Mr Wheway was asked by shareholders at the company’s annual general meeting in Leicester if he would challenge the decision to impose a 25% extra tax on North Sea oil and gas.

“We don’t see any scope, or requirement, or necessity for a legal challenge to those things that have been brought forward,” he said.

However, he warned that the Treasury could cause problems in the move to decarbonise the UK if it insists on also taxing the profits of energy generators more.

“We’ve got every empathy with the plight of many customers presently that are facing difficulties in managing their energy bills, and we welcome action to help those customers.

“But we also share a lot of concern around choices that may be made to apply taxes to energy production which – although they may derive short-term benefits – could cause medium- and long-term problems.

“We know that the industry that we’re in is a very long-term industry and we urge everyone thinking of those things to strike the right balance.”

Rishi Sunak speaks to the Treasury Select Committee
Chancellor Rishi Sunak answering questions at a Treasury Select Committee hearing (House of Commons/PA)

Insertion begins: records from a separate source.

lemma cc_exponent_pullback:
  assumes "quiver_automorphism src tgt p q"
  shows "cc_exponent src tgt (d \<circ> p) (e \<circ> p) = cc_exponent src tgt d e \<circ> p"
proof
  fix i
  have "inj p" using assms by (simp add: quiver_automorphism_def bij_is_inj)
  then have "unitvec i = unitvec (p i) \<circ> p"
    by (auto simp: unitvec_def fun_eq_iff inj_eq)
  moreover have "int \<circ> (e \<circ> p) = (int \<circ> e) \<circ> p"
    and "(\<lambda>j. int ((d \<circ> p) j) - int ((e \<circ> p) j)) = (\<lambda>j. int (d j) - int (e j)) \<circ> p"
    by auto
  ultimately show "cc_exponent src tgt (d \<circ> p) (e \<circ> p) i = (cc_exponent src tgt d e \<circ> p) i"
    unfolding cc_exponent_def by (simp only: euler_form_pullback[OF assms] comp_apply)
qed

lemma CC_module_pullback:
  assumes "quiver_automorphism src tgt p q"
  shows "CC_module src tgt (rep_pullback p q M) =
    lact (Hilbert_Choice.inv p) (CC_module src tgt M)"
proof -
  let ?p' = "Hilbert_Choice.inv p"
    and ?X = "\<lambda>M e. Poly_Mapping.single (cc_exponent src tgt (fst M) e)
                      (euler_char (quiver_grassmannian src tgt M e))"
  have p: "bij p" "bij ?p'" "Hilbert_Choice.inv ?p' = p"
    using assms by (auto simp: quiver_automorphism_def bij_imp_bij_inv inv_inv_eq)
  have reindex: "bij_betw (\<lambda>e. e \<circ> p) {e. \<forall>i. e i \<le> d i} {e. \<forall>i. e i \<le> d (p i)}"
    for d :: "_ \<Rightarrow> nat"
    using p(1) by (intro bij_betw_byWitness[where f' = "\<lambda>e. e \<circ> ?p'"])
      (auto simp: fun_eq_iff bij_is_inj bij_is_surj surj_f_inv_f, metis bij_is_surj surj_f_inv_f)
  have "lact ?p' (CC_module src tgt M) = (\<Sum>e\<in>{e. \<forall>i. e i \<le> fst M i}.
      Poly_Mapping.single (cc_exponent src tgt (fst M) e \<circ> p)
        (euler_char (quiver_grassmannian src tgt M e)))"
    by (simp add: CC_module_cc_exponent lact_sum lact_single p)
  also have "\<dots> = (\<Sum>e\<in>{e. \<forall>i. e i \<le> fst M i}. ?X (rep_pullback p q M) (e \<circ> p))"
    using cc_exponent_pullback[OF assms]
      euler_char_homeomorphic[OF quiver_grassmannian_pullback_homeomorphic[OF assms]]
    by (simp add: rep_pullback_def)
  also have "\<dots> = (\<Sum>e\<in>{e. \<forall>i. e i \<le> fst M (p i)}. ?X (rep_pullback p q M) e)"
    by (rule sum.reindex_bij_betw[OF reindex])
  also have "\<dots> = CC_module src tgt (rep_pullback p q M)"
    by (simp add: CC_module_cc_exponent rep_pullback_def)
  finally show ?thesis ..
qed

lemma CC_pullback:
  assumes "quiver_automorphism src tgt p q"
  shows "CC src tgt (rep_pullback p q M, m \<circ> p) =
    lact (Hilbert_Choice.inv p) (CC src tgt (M, m))"
proof -
  have p: "bij (Hilbert_Choice.inv p)" "Hilbert_Choice.inv (Hilbert_Choice.inv p) = p"
    using assms by (auto simp: quiver_automorphism_def bij_imp_bij_inv inv_inv_eq)
  then show ?thesis
    by (simp add: CC_def CC_module_pullback[OF assms] lact_mult lmonom_def lact_single o_assoc)
qed

lemma quiver_group_action_automorphism:
  assumes "quiver_group_action G vact aact src tgt" "g \<in> carrier G"
  shows "quiver_automorphism src tgt (vact g) (aact g)"
  using assms by (simp add: quiver_group_action_def quiver_automorphism_def)

lemma quiver_group_action_inv:
  assumes "quiver_group_action G vact aact src tgt" "g \<in> carrier G"
  shows "Hilbert_Choice.inv (vact (inv\<^bsub>G\<^esub> g)) = vact g"
proof -
  have "group G" using assms(1) by (simp add: quiver_group_action_def)
  then have "vact (inv\<^bsub>G\<^esub> g) \<circ> vact g = id" "vact g \<circ> vact (inv\<^bsub>G\<^esub> g) = id"
    using assms group.inv_closed group.r_inv group.l_inv unfolding quiver_group_action_def
    by metis+
  then show ?thesis by (rule inv_unique_comp)
qed

theorem mainTheorem15:
  fixes G :: "('g, 'b) monoid_scheme"
    and vact :: "'g \<Rightarrow> 'v::finite \<Rightarrow> 'v" and aact :: "'g \<Rightarrow> 'e::finite \<Rightarrow> 'e"
    and src tgt :: "'e \<Rightarrow> 'v"
    and M :: "('v, 'e) cc_obj" and g :: 'g
  assumes "acyclic_quiver src tgt"
    and "admissible_action G vact aact src tgt"
    and "g \<in> carrier G"
  shows "CC src tgt (obj_act G vact aact g M) = lact (vact g) (CC src tgt M)"
proof -
  have act: "quiver_group_action G vact aact src tgt"
    using assms(2) by (simp add: admissible_action_def)
  let ?h = "inv\<^bsub>G\<^esub> g"
  have "?h \<in> carrier G"
    using act assms(3) by (simp add: quiver_group_action_def group.inv_closed)
  have "obj_act G vact aact g M = (rep_pullback (vact ?h) (aact ?h) (fst M), snd M \<circ> vact ?h)"
    by (simp add: obj_act_def rep_act_def rep_pullback_def)
  moreover note CC_pullback[OF quiver_group_action_automorphism[OF act \<open>?h \<in> carrier G\<close>],
      of "fst M" "snd M"]
  ultimately show ?thesis
    by (simp add: quiver_group_action_inv[OF act assms(3)])
qed

end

Chancellor Rishi Sunak argues that a second windfall tax on electricity generators could help pay for support for households that are facing runaway energy bills.

He said these companies are seeing “extraordinary profits” as oil and gas prices push up the cost of electricity.

But he was coy when asked by the Treasury Select Committee earlier this week when or if such a tax might be introduced.

The companies that would be hit include many early builders of wind farms.

Much of the wind power built in the UK since 2015 has been done under the so-called Contracts for Difference scheme (CfD).

This guarantees that a wind farm will always be paid a set amount for every megawatt hour of electricity it produces.

When the price of electricity is lower, therefore, the wind farm is subsidised, but if the price is higher than the agreed price then the wind farm will pay the difference back to billpayers.

But wind farms that are not covered by CfD are currently selling their electricity at elevated prices – and it is this profit that the Chancellor wants to target.